Energy-based attention exists — **modern Hopfield networks / Energy Transformer (Krotov), tied-value LSE-energy attention** — which are conservative by construction (`H1` holds, EP is *exact*, runs natively on analog equilibrium hardware). We measure it costs ~0.15–0.2 CE vs free (non-conservative) attention.
- Is the expressivity loss of conservative/energy attention **fundamental** (information-theoretic: a symmetric-coupling associative memory provably cannot represent what directed Q≠K attention can) or **engineering** (current energy-attention forms are just suboptimal, and a better conservative parameterization closes the gap)?
- Is there a **partially-conservative** sweet spot: an attention with a *controlled, small* antisymmetric part (`‖S⁻¹A‖<1`, inside the first-order AEP warranty) that captures most of the expressivity — and what is the **Pareto frontier of [gradient fidelity ↔ asymmetry ↔ task loss]**?

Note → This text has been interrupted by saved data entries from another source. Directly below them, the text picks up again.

lemma invariant_degree0_support: "invariant_set phi Xg (degree0_support I)"
  unfolding invariant_set_def
proof (intro allI subsetI)
  fix g z assume "z \<in> phi (- g) ` (Xg g \<inter> degree0_support I)"
  then obtain x where x: "x \<in> Xg g" "x \<in> degree0_support I" and z: "z = phi (- g) x"
    by blast
  have "z \<in> Xg (- g)"
    using phi_in_Xg[of x "- g"] x z by simp
  have "open (Xg g \<inter> degree0_support I)" "x \<in> Xg g \<inter> degree0_support I"
    using open_Xg open_degree0_support x by auto
  then obtain U where U: "open U" "compact U" "x \<in> U" "U \<subseteq> Xg g \<inter> degree0_support I"
    by (rule compact_open_nbhd)
  obtain W where W: "open W" "compact W" "z \<in> W" "W \<subseteq> Xg (- g)"
    using open_Xg \<open>z \<in> Xg (- g)\<close> by (rule compact_open_nbhd)
  define p :: "'g \<Rightarrow> 'x \<Rightarrow> 'k"
    where "p = skew_mult phi Xg (skew_monomial (- g) (indicator W)) (skew_monomial g (indicator U))"
  have "p \<in> I"
    unfolding p_def using U W
    by (intro ideal_mult_left monomial_in_ideal monomial_in_skew_ring indicator_in_CK) auto
  moreover have "phi g z = x"
    using x z by (simp add: phi_phi_minus)
  with x \<open>z \<in> Xg (- g)\<close> U(3) W(3) have "p 0 z = 1"
    unfolding p_def skew_mult_monomials by (simp add: hom_comp_def pact_def z[symmetric])
  ultimately have "z \<in> degree0_support I"
    unfolding degree0_support_def by (metis (mono_tags) mem_Collect_eq one_neq_zero)
  with \<open>z \<in> Xg (- g)\<close> show "z \<in> Xg (- g) \<inter> degree0_support I"
    by blast
qed

end

end

theorem mainTheorem10:
  fixes phi :: "'g::group_add \<Rightarrow> 'x::t2_space \<Rightarrow> 'x"
    and Xg :: "'g \<Rightarrow> 'x set"
  assumes "locally_compact_Hausdorff_space TYPE('x)"
    and "has_compact_open_basis TYPE('x)"
    and "partial_action phi Xg"
  shows "bij_betw (\<lambda>V. skew_ring Xg V :: ('g \<Rightarrow> 'x \<Rightarrow> 'k::field) set)
           {V. open V \<and> invariant_set phi Xg V}
           {I. graded_ideal phi Xg I}"
proof -
  \<comment> \<open>Local compactness follows from the compact-open basis.\<close>
  interpret ample_partial_action phi Xg
    using assms(2,3) by unfold_locales
  show ?thesis
  proof (rule bij_betw_byWitness[where f' = degree0_support])
    show "\<forall>V\<in>{V. open V \<and> invariant_set phi Xg V}.
        degree0_support (skew_ring Xg V :: ('g \<Rightarrow> 'x \<Rightarrow> 'k) set) = V"
      using degree0_support_skew_ring by blast
    show "\<forall>I\<in>{I. graded_ideal phi Xg I}. skew_ring Xg (degree0_support I) = I"
      using skew_ring_degree0_support by blast
    show "(\<lambda>V. skew_ring Xg V) ` {V. open V \<and> invariant_set phi Xg V} \<subseteq> {I. graded_ideal phi Xg I}"
      using graded_ideal_skew_ring by blast
    show "degree0_support ` {I. graded_ideal phi Xg I} \<subseteq> {V. open V \<and> invariant_set phi Xg V}"
      using open_degree0_support invariant_degree0_support by blast
  qed
qed

end
lemma lat_abs_diff_le: "lat_abs (x - y) \<le> lat_abs x + lat_abs (y::'a::lattice_ab_group_add)"
  using lat_abs_add_le[of x "- y"] by (simp add: lat_abs_minus)

lemma pprt_le_lat_abs: "pprt x \<le> lat_abs (x::'a::lattice_ab_group_add)"
  unfolding pprt_def using lat_abs_ge_self lat_abs_nonneg by (rule sup_least)

lemma eq_pprt_diff_pprt_minus: "x = pprt x - pprt (- x::'a::lattice_ab_group_add)"
  using prts[of x] by (simp add: pprt_neg)

lemma lat_abs_scaleR_le:
  fixes x y :: "'a::{lattice_ab_group_add, ordered_real_vector}"
  assumes "lat_abs x \<le> y"
  shows "lat_abs (c *\<^sub>R x) \<le> \<bar>c\<bar> *\<^sub>R y"
proof -
  have "lat_abs (c *\<^sub>R x) = lat_abs (\<bar>c\<bar> *\<^sub>R x)"
    by (cases "0 \<le> c") (auto simp: lat_abs_minus[of "c *\<^sub>R x", symmetric])
  moreover have "- (\<bar>c\<bar> *\<^sub>R y) \<le> \<bar>c\<bar> *\<^sub>R x \<and> \<bar>c\<bar> *\<^sub>R x \<le> \<bar>c\<bar> *\<^sub>R y"
    using assms unfolding lat_abs_le_iff
    by (metis abs_ge_zero scaleR_left_mono scaleR_minus_right)
  ultimately show ?thesis by (simp add: lat_abs_le_iff)
qed

lemma norm_mono_lat_abs: "lat_abs x \<le> lat_abs y \<Longrightarrow> norm x \<le> norm (y::'a::real_banach_lattice)"
  unfolding lat_abs_def by (rule lattice_norm)

lemma norm_lat_abs: "norm (lat_abs x) = norm (x::'a::real_banach_lattice)"
  using lat_abs_of_nonneg[OF lat_abs_nonneg, of x]
  by (intro antisym norm_mono_lat_abs) simp_all

lemma norm_le_of_lat_abs_le:
  fixes x y :: "'a::real_banach_lattice"
  assumes "lat_abs x \<le> y"
  shows "norm x \<le> norm y"
proof -
  have "lat_abs y = y" using lat_abs_nonneg assms by (intro lat_abs_of_nonneg) (rule order_trans)
  then show ?thesis using assms by (intro norm_mono_lat_abs) simp
qed

lemma bounded_linear_resolvent:
  "in_resolvent_set D A \<mu> \<Longrightarrow> bounded_linear (resolvent D A \<mu>)"
  unfolding in_resolvent_set_def by blast

lemma resolvent_unique:
  assumes "in_resolvent_set D A \<mu>" and "x \<in> D" and "\<mu> *\<^sub>R x - A x = y"
  shows "resolvent D A \<mu> y = x"
  unfolding resolvent_def
  by (rule the1_equality) (use assms in \<open>auto simp: in_resolvent_set_def\<close>)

### Q7 — THE make-or-break for the hardware thesis
Granting that analog relaxation hardware is **structurally confined to (near-)conservative, contractive, equilibrium-based local learning**: **is a "readable" small language model (≈10–50M params, coherent text) achievable inside that regime?** Or does coherent language *require* the high non-normality / finite-time-transient expressivity that provably breaks local equilibrium learning?
- If achievable: what is the *minimum* non-normality / contraction margin a coherent-language equilibrium model needs, and does it fit inside `‖S⁻¹A‖<1` (+ comfortable contraction)?
- If not: what is the realistic *ceiling* of analog-EP-trainable models, and is there a hybrid (mostly-conservative core + a thin digitally-assisted non-conservative correction) that lifts it?

---

## What an actionable answer looks like
For each: (a) is it a **fundamental obstruction** (cite/sketch the no-go) or an **engineering gap** (sketch the construction)? (b) the **physical realizability** verdict (can it run on a relaxation substrate with local updates, no backward pass?) (c) the **cheapest experiment** that would falsify the proposed mechanism on our simulator (we can measure `ρ(S⁻¹A)`, contraction margin, gradient cos vs a non-conservative knob, energy-vs-free-attention loss, damping-`c` sweeps). We are not looking for "use BPTT" or "use a digital solver" — both are physically excluded. We want the **physics of a local, forward-only, non-conservative equilibrium learning rule**, or the proof that none can exist beyond bounded asymmetry.

## Key references the reasoner should engage
Scellier–Bengio 2017 (EP / energy); Ernoult et al. 2019 (EP≡BPTT conditions); Scurria et al. 2026 (AsymEP, the `J→Jᵀ` first-order correction); Laborieux–Zenke 2023 (Jacobian homeostasis, the `S⁻¹A` bias + functional-symmetry fix); López-Pastor–Marquardt 2023 (Hamiltonian echo backprop = physical adjoint via time-reversal); Krotov / Hoover et al. 2023 (Energy Transformer); Winston–Kolter 2020 (monotone-operator equilibrium nets = contraction by construction); Stern–Murugan 2023 (physical learning review); Kendall et al. 2020 (EP on analog resistor networks).